At exactly eight-oh-two, his phone buzzed against the desk.
Unknown number.
Marshall froze. Then his pulse jumped, traitorous. He snatched the phone up before the second ring. “Marshall Greene.”
A pause. The same voice. Quieter, steadier. “You’re the lawyer, right? For Kyle Whitaker.”
“Yes,” Marshall said, forcing his tone to stay calm. “You called me last night.”
“Yeah. I shouldn’t have hung up.” A breath. “I didn’t know if I could trust you. I want to trust you.”
“You can trust me,” Marshall said quickly. His pulse was still hammering. “If you were with him that night, you could help an innocent man.”
For a long moment, the only sound was rain, steady, relentless, filling the silence between them.
Then: “He is innocent.” The man’s voice cracked just slightly.
Marshall’s pen hovered over a blank page. “Did you do it?"

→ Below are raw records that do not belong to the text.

text \<open>Count, for a dominating set D, the pairs (v, d) with d \<in> N[v] \<inter> D in two ways. Summing over
  v, every vertex is dominated at least once, and more than once somewhere since D is not efficient;
  so the count is at least |V| + 1. Summing over d \<in> D, the count is the sum of the |N[d]|, at
  most |D|(\<Delta> + 1). For a \<gamma>-set this gives |V| + 1 \<le> \<gamma>(\<Delta> + 1). In the case of equality both
  estimates are sharp: every d \<in> D has degree \<Delta>, and exactly one vertex y is dominated twice and
  all others once, which says that D is an efficient dominating set of G - y. Two distinct such
  vertices y would make D efficient in G itself. Conversely, if D is efficient in G - y with y
  dominated twice, the count is |V| + 1, and it equals \<gamma>(\<Delta> + 1) when all of D has degree \<Delta>.\<close>

lemma sum_eq_Suc_card_iff:
  fixes f :: "'a \<Rightarrow> nat"
  assumes "finite A" and "\<And>x. x \<in> A \<Longrightarrow> 1 \<le> f x"
  shows "sum f A = Suc (card A) \<longleftrightarrow> (\<exists>y\<in>A. f y = 2 \<and> (\<forall>x\<in>A. x \<noteq> y \<longrightarrow> f x = 1))"
proof -
  have "sum f A = (\<Sum>x\<in>A. (f x - 1) + 1)"
    using assms(2) by (intro sum.cong) (auto simp: Suc_le_eq)
  also have "\<dots> = sum (\<lambda>x. f x - 1) A + card A"
    by (simp only: sum.distrib card_eq_sum)
  finally have "sum f A = Suc (card A) \<longleftrightarrow> sum (\<lambda>x. f x - 1) A = 1"
    by simp
  also have "\<dots> \<longleftrightarrow> (\<exists>y\<in>A. f y - 1 = 1 \<and> (\<forall>x\<in>A. y \<noteq> x \<longrightarrow> f x - 1 = 0))"
    using assms(1) by (rule sum_eq_1_iff)
  also have "\<dots> \<longleftrightarrow> (\<exists>y\<in>A. f y = 2 \<and> (\<forall>x\<in>A. x \<noteq> y \<longrightarrow> f x = 1))"
    using assms(2) by (intro bex_cong refl conj_cong ball_cong) fastforce+
  finally show ?thesis .
qed

lemma simple_graph_finite: "simple_graph V E \<Longrightarrow> finite V"
  unfolding simple_graph_def by blast

lemma cnbhd_subset: "v \<in> V \<Longrightarrow> cnbhd V E v \<subseteq> V"
  unfolding cnbhd_def nbhd_def by auto

lemma mem_cnbhd_commute:
  assumes "simple_graph V E" and "u \<in> V" and "v \<in> V"
  shows "u \<in> cnbhd V E v \<longleftrightarrow> v \<in> cnbhd V E u"
  using assms unfolding cnbhd_def nbhd_def simple_graph_def by auto

lemma card_cnbhd:
  assumes "simple_graph V E"
  shows "card (cnbhd V E v) = degree V E v + 1"
proof -
  have "finite (nbhd V E v)" and "v \<notin> nbhd V E v"
    using assms unfolding simple_graph_def nbhd_def by auto
  then show ?thesis unfolding cnbhd_def degree_def by simp
qed

lemma degree_le_max_degree:
  assumes "simple_graph V E" and "v \<in> V"
  shows "degree V E v \<le> max_degree V E"
  using assms unfolding max_degree_def by (intro Max_ge) (auto dest: simple_graph_finite)

lemma sum_card_cnbhd_Int:
  assumes G: "simple_graph V E" and "D \<subseteq> V"
  shows "(\<Sum>v\<in>V. card (cnbhd V E v \<inter> D)) = (\<Sum>d\<in>D. degree V E d + 1)"
proof -
  have fin: "finite V" "finite D"
    using G assms(2) by (auto dest: simple_graph_finite intro: finite_subset)
  have "(\<Sum>v\<in>V. card (cnbhd V E v \<inter> D)) = (\<Sum>v\<in>V. card {d \<in> D. d \<in> cnbhd V E v})"
    by (intro sum.cong refl arg_cong[where f = card]) blast
  also have "\<dots> = (\<Sum>d\<in>D. card {v \<in> V. d \<in> cnbhd V E v})"
    unfolding card_eq_sum using fin by (rule sum.swap_restrict)
  also have "\<dots> = (\<Sum>d\<in>D. card (cnbhd V E d))"
    using assms mem_cnbhd_commute[OF G] cnbhd_subset[of _ V E]
    by (intro sum.cong refl arg_cong[where f = card]) blast
  finally show ?thesis by (simp add: card_cnbhd[OF G])
qed

lemma one_le_card_cnbhd_Int:
  assumes G: "simple_graph V E" and D: "dominating V E D" and v: "v \<in> V"
  shows "1 \<le> card (cnbhd V E v \<inter> D)"
proof -
  have "cnbhd V E v \<inter> D \<noteq> {}"
    using D v unfolding dominating_def cnbhd_def nbhd_def by blast
  moreover have "finite (cnbhd V E v \<inter> D)"
    using simple_graph_finite[OF G] cnbhd_subset[OF v] by (blast intro: finite_subset)
  ultimately show ?thesis by (simp add: Suc_le_eq card_gt_0_iff)
qed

"No." The answer was filled with anger.
"OK. I had to ask. Tell me what you know. Tell me what you saw.”
“I watched him leave,” the man said. “He didn’t go near that woman’s room. He just walked out, calm. He even looked back and waved when he got in his truck. I couldn’t believe it. He’s… hard to read, you know? It’s like he feels things and hides them all at once.”

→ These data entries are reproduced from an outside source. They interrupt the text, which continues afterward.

(* (i) For arbitrary parameters $a > 0$ and $b > 1$, with $\delta := (a+1)/(a+b)$, \[ \rho \bigl( \mathrm{Beta}(a,b), \mathrm{Gamma}(a,a+b) \bigr) \le (1-\delta)^{-1/2} \] and \[ d_{\mathrm{TV}} \bigl( \mathrm{Beta}(a,b), \mathrm{Gamma}(a,a+b) \bigr) \le 1 - (1-\delta)^{1/2} < \frac{\delta}{2-\delta} . \] (ii) For $a > 0$, $b > 1$ and arbitrary $c > 0$, \[ \rho \bigl( \mathrm{Beta}(a,b), \mathrm{Gamma}(a,c) \bigr) \ge \rho \bigl( \mathrm{Beta}(a,b), \mathrm{Gamma}(a,a+b-1) \bigr) . \] Moreover, with $\widetilde{\delta} := a/(a+b-1)$ (which satisfies $\widetilde{\delta} < \delta$), \[ \rho \bigl( \mathrm{Beta}(a,b), \mathrm{Gamma}(a,a+b-1) \bigr) \le (1-\widetilde{\delta})^{-1/2} \] and \[ d_{\mathrm{TV}} \bigl( \mathrm{Beta}(a,b), \mathrm{Gamma}(a,a+b-1) \bigr) \le 1 - (1-\widetilde{\delta})^{1/2} < \frac{\widetilde{\delta}}{2-\widetilde{\delta}} . \]
   Context: $\mathrm{Beta}(a,b)$ is viewed as a distribution on $(0,\infty)$ with Lebesgue density $\beta_{a,b}(x) = \frac{\Gamma(a+b)}{\Gamma(a)\Gamma(b)} x^{a-1}(1-x)_+^{b-1}$, $x>0$. $\mathrm{Gamma}(a,c)$ is the gamma distribution with shape $a>0$ and rate $c>0$, with density $\gamma_{a,c}(x) = \frac{c^a}{\Gamma(a)} x^{a-1} e^{-cx}$, $x>0$. For probability measures $Q,P$ on $(\mathcal{X},\mathcal{A})$: $\rho(Q,P) := \sup_{A \in \mathcal{A}} Q(A)/P(A)$ with conventions $0/0 := 0$, $a/0 := \infty$ for $a>0$; $d_{\mathrm{TV}}(Q,P) := \sup_{A \in \mathcal{A}} |Q(A)-P(A)|$. *)

theory Defs
  imports "HOL-Probability.Probability" "HOL-Analysis.Gamma_Function"
begin

definition beta_density :: "real \<Rightarrow> real \<Rightarrow> real \<Rightarrow> real" where
  "beta_density a b x =
     (if 0 < x \<and> x < 1
      then Gamma (a + b) / (Gamma a * Gamma b) * x powr (a - 1) * (1 - x) powr (b - 1)
      else 0)"

definition gamma_density :: "real \<Rightarrow> real \<Rightarrow> real \<Rightarrow> real" where
  "gamma_density a c x =
     (if 0 < x then c powr a / Gamma a * x powr (a - 1) * exp (- c * x) else 0)"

Marshall wrote fast, the scratch of ink against paper loud in the quiet room.
The caller’s voice dropped, raw and unsteady. “He wasn’t into me. I knew that. But when he touched me, when he looked at me, it felt like he was somewhere else. Like he wanted to care but didn’t know how. It wasn’t just sex. It was like he was trying to remember what it meant to be human.”
Marshall’s chest tightened. He pressed the pen harder. “What’s your name?”
“I, I can’t say. Not yet.” Panic bled into the voice. “I’d lose everything.”
“Then meet me,” Marshall said, leaning forward over the desk. “Somewhere neutral. No police. Just talk to me. Please. I’ll do what I can to protect you.”
There was another long pause. He could hear breathing, uneven through the static.
Finally: “There’s a coffee place off Main. Second Street Café. Noon.”
Then the line went dead.
Marshall sat there, phone still in hand, the rain whispering against the windows like static. Outside, a truck splashed through a puddle, sending dirty water across the sidewalk. He didn’t move, not for a long time.
When he finally set the phone down, something in him felt different. There was a crack in the wall of helplessness. A lead. A pulse of possibility.
He exhaled, slow and unsteady, and looked again at Kyle’s name on the folder. Maybe, just maybe, this was the start of turning everything around.